Naturgy and his great shareholders-Caixa Criteria, CVC, GIP and IFM-will present in the booklet of the Operation of Auto-Opa the agreed conditions to be able to return the liquidity in the stock market to the company without any of them being able to get an extraordinary revenue for the return to the market of these titles.
The four major gasist shareholders will set the conditions to carry out the subsequent sale of 10% of the company’s capital so that the gasist can maximize its benefit in this operation for which there will not be a specific time of time, according to the company.
Although the auto-OPA has been presented as a movement to increase the liquidity of the shares in the market and improve its weight in the stock market rates, a fundamental issue remains in the air: Is there any type of restriction so that current sellers cannot repurchase these titles in the future? Although the details about these points have not been revealed, sources consulted by this newspaper indicated that they will be included within the brochure of the operation that will be presented to the National Securities Market Commission, once the General Board of Shareholders has already given its approval.
The brochure will collect the agreements between the parties to prevent the liquidity recovery strategy from losing effectiveness. Otherwise, it could lead to a simple temporary readjustment of shares, which would allow majority shareholders to reinforce later and alter the balances of power within the Board of Directors.
This aspect is not less, since if any of the current major shareholders decided to increase its position once the shares return to the market, it could affect the liquidity gained with the auto-opa and reducing the free float that is sought to increase with the operation. In addition, depending on who will take the initiative, the distribution of influence in the company could be modified, generating a new power scenario within Naturgy’s shareholders.
At the moment, the company and its shareholders have avoided making statements on this point, maintaining the focus on the execution of the operation and obtaining the support of the Board of Shareholders on March 25. However, the market remains attentive to any signal on whether there is a stability pact that prevents future movements or if, on the contrary, the door is open to possible shareholding adjustments or even the arrival of new shareholders, among which Taqa continues to sound as a relay of CVC.
At the moment, some of the funds such as CVC and Blackrock are in the final stretch of their investment period and seek to optimize their departure without generating distortions in the value of the company. This situation adds pressure to Naturgy’s strategy, which needs to guarantee an orderly transition from its shareholding structure without compromising the stability of its stock exchange.
On the other hand, the regulatory and market context will be key to determining the success of the operation. The National Securities Market Commission (CNMV) will analyze in detail the terms of the self-OPA to ensure that the principles of transparency and equity for investors are met. At a time when the consolidation of the European energy sector is in the spotlight, any movement that involves changes in Naturgy’s control could rekindle the interest of new actors in the company.

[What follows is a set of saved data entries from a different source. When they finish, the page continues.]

(* Let $n,t\in\mathbb{N}$, let $B\subset[n]$ be a random set (defined on the same probability space as the shuffle) and let $D\subset[n]$ be a deterministic set. Suppose that for some $c>0$, $$\min_{j\in D}\mathbb{P}^n_{id}(j\in B\mid j\in A^t)\ge c.$$ Then, writing $K=\mathbb{E}^n_{id}|D\cap A^t|$, for every $r\in(0,1)$, $$\mathbb{P}^n_{id}\Big(|B\cap D\cap A^t|\le r\cdot\mathbb{E}^n_{id}\{|B\cap D\cap A^t|\}\Big)\le\frac{K+(1-c^2)K^2}{(1-r)^2c^2K^2}.$$
   Context: The random-to-random insertions shuffle on a deck of $n$ cards numbered $1,\dots,n$: at each step a card is chosen uniformly at random, removed, and reinserted at a uniformly random position. $\mathbb{P}^n_{id}$ (with expectation $\mathbb{E}^n_{id}$) denotes the law of the shuffling process started from the identity ordering, and $A^t$ denotes the (random) set of cards that have not been chosen for removal in the first $t$ shuffles. $[n]=\{1,\dots,n\}$. *)

theory Defs
  imports "HOL-Probability.Probability"
begin

text \<open>Canonical probability space of the random-to-random shuffle on n cards.
  Step s+1 (s = 0,1,...) is given by the pair  w !! s = (card chosen for removal,
  position of reinsertion), both uniform on {1..n}, all steps i.i.d.
  The deck is started from the identity ordering; the whole trajectory is a
  deterministic function of the stream w, so this space carries the process.\<close>
definition shuffle_space :: "nat \<Rightarrow> (nat \<times> nat) stream measure" where
  "shuffle_space n = stream_space (measure_pmf (pmf_of_set ({1..n} \<times> {1..n})))"

definition unchosen :: "nat \<Rightarrow> nat \<Rightarrow> (nat \<times> nat) stream \<Rightarrow> nat set" where
  "unchosen n t w = {1..n} - {fst (w !! s) | s. s < t}"

end

theory Submission
  imports Defs
begin

text \<open>Let \<open>A\<^sub>j\<close> be the event that card \<open>j\<close> is never chosen in the first \<open>t\<close> steps; then
  \<open>|B \<inter> D \<inter> A\<^sup>t|\<close> is the sum over \<open>j \<in> D\<close> of the indicators of \<open>{j \<in> B} \<inter> A\<^sub>j\<close>. Removals
  are i.i.d. and two distinct cards are never removed in the same step, so
  \<open>P(A\<^sub>j \<inter> A\<^sub>k) = (1 - 2/n)\<^sup>t \<le> P(A\<^sub>j) P(A\<^sub>k)\<close> for \<open>j \<noteq> k\<close>. Hence the second moment of the
  count is at most \<open>K + K\<^sup>2\<close>, while the hypothesis on the conditional probabilities makes
  its mean at least \<open>cK\<close>; Chebyshev's inequality for the lower tail gives the bound.\<close>

lemma sets_stream_space_all_less:
  assumes [measurable]: "A \<in> sets M"
  shows "{w\<in>space (stream_space M). \<forall>s<t. w !! s \<in> A} \<in> sets (stream_space M)"
  by measurable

On March 13, Naturgy received commitments to accept the offer by shareholders that represent more than 10% of the capital, thus fulfilling one of the conditions set by the Council to proceed with the operation. Among these investors are criteria Caixa, CVC, Blackrock, GIP and IFM, the main groups with significant participation in energy. Sonatrach, with 4% of the capital, is out of this agreement.
The supply aims to acquire up to 88 million shares, which is equivalent to 9.08% of the share capital, plus the 1% in motor. The purchase will be funded entirely with its own resources and will involve a disbursement of 2,332 million euros.
The price set for the OPA, 26.50 euros per share, has been determined by Naturgy without the need for independent assessment. In addition, it has been ensured that the remuneration will not be affected by the distribution of dividends, including the expected payment of 0.60 euros per share on April 9.
New business plan for 2025-2027
Naturgy has put on the table a new 2025-2027 business plan with which she intends to justify the strong increase in valuation of the company on its contribution levels. At the moment, given the low liquidity, the prices of the action still are not approaching those offered by the company itself, which implies that this auto-OPA will already be guided by the company’s own shareholders themselves. Another sack flour will already be the return of the market shares at a price higher than that disbursed in this operation by the company itself.